List each line of the data in which the string "most" appears.

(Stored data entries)
○ ○ ○ ○ ○ ○ ○
text \<open>
  Write \<open>\<phi> z = s*z + t*z\<^sup>2\<close> and rotate the characteristic integral by its argument \<open>\<theta>\<close>: its
  modulus becomes \<open>\<integral> cos (\<phi> z - \<theta>) d\<rho>\<close>, and the integrand is at most \<open>cos \<delta>\<close> unless \<open>\<phi> z\<close> lies
  within \<open>\<delta>\<close> of \<open>\<theta>\<close> modulo \<open>2\<pi>\<close>. So it suffices to find \<open>\<delta>\<close> such that, uniformly in \<open>\<theta>\<close> and
  \<open>\<parallel>(s,t)\<parallel> \<ge> \<alpha>\<close>, this event has \<open>\<rho>\<^sub>a\<^sub>c\<close>-mass at most \<open>1/2\<close>; the discrete and singular parts
  are simply bounded by their total mass. By tightness and absolute continuity of \<open>\<rho>\<^sub>a\<^sub>c\<close> this
  reduces to a Lebesgue measure estimate on \<open>[-M, M]\<close>: where \<open>|\<phi>'| \<ge> \<gamma>\<close>, the change of variables
  \<open>z \<mapsto> \<phi> z\<close> bounds the preimage of the \<open>2\<pi>\<close>-periodic union of \<open>\<delta>\<close>-intervals by \<open>O(\<delta>/\<gamma>)\<close>,
  while \<open>|\<phi>'| < \<gamma>\<close> confines \<open>z\<close> to an interval of length \<open>\<gamma>/|t|\<close> around the critical point.
\<close>

lemma absolutely_continuous_measure_small:
  assumes N: "finite_measure N" "sets N = sets \<mu>" and ac: "absolutely_continuous \<mu> N"
    and e: "0 < e"
  shows "\<exists>\<kappa>>0. \<forall>W\<in>sets \<mu>. emeasure \<mu> W < ennreal \<kappa> \<longrightarrow> measure N W < e"
proof (rule ccontr)
  assume "\<not> ?thesis"
  then have "\<forall>n::nat. \<exists>W\<in>sets \<mu>. emeasure \<mu> W < ennreal ((1/2)^n) \<and> e \<le> measure N W"
    by (metis not_less zero_less_divide_1_iff zero_less_numeral zero_less_power)
  then obtain W where W: "\<And>n. W n \<in> sets \<mu>" "\<And>n. emeasure \<mu> (W n) < ennreal ((1/2)^n)"
    "\<And>n. e \<le> measure N (W n)"
    by metis
  have "emeasure \<mu> (W n) < \<infinity>" for n
    using W(2) by (rule order.strict_trans) simp
  moreover have "summable (\<lambda>n. measure \<mu> (W n))"
  proof (rule summable_comparison_test')
    show "norm (measure \<mu> (W n)) \<le> (1/2)^n" for n
    proof -
      have "measure \<mu> (W n) \<le> (1/2)^n"
        unfolding measure_def using less_imp_le[OF W(2)[of n]] by (rule enn2real_leI[rotated]) simp
      then show ?thesis by simp
    qed
  qed simp
  ultimately have "limsup W \<in> null_sets \<mu>"
    by (rule borel_cantelli_limsup1[OF W(1)])
  then have null: "limsup W \<in> null_sets N"
    using ac unfolding absolutely_continuous_def by blast
  interpret N: finite_measure N by fact
  define U where "U n = (\<Union>k\<in>{n..}. W k)" for n
  have "(\<lambda>n. measure N (U n)) \<longlonglongrightarrow> measure N (\<Inter>(range U))"
    using W(1) N(2) by (intro N.finite_Lim_measure_decseq) (auto 4 3 simp: U_def decseq_def intro: order_trans)
  moreover have "\<Inter>(range U) = limsup W"
    by (simp add: U_def limsup_INF_SUP)
  ultimately have lim: "(\<lambda>n. measure N (U n)) \<longlonglongrightarrow> 0"
    using null by (simp add: measure_def null_sets_def)
  have "e \<le> measure N (U n)" for n
    using W N(2) by (intro order.trans[OF W(3)[of n]] N.finite_measure_mono) (auto simp: U_def)
  then have "e \<le> 0"
    by (intro LIMSEQ_le_const[OF lim]) auto
  with e show False by simp
qed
○ ○ ○ ○ ○ ○ ○
_Exercise answer_
  modulus becomes \<open>\<integral> cos (\<phi> z - \<theta>) d\<rho>\<close>, and the integrand is at most \<open>cos \<delta>\<close> unless \<open>\<phi> z\<close> lies
  \<open>\<parallel>(s,t)\<parallel> \<ge> \<alpha>\<close>, this event has \<open>\<rho>\<^sub>a\<^sub>c\<close>-mass at most \<open>1/2\<close>; the discrete and singular parts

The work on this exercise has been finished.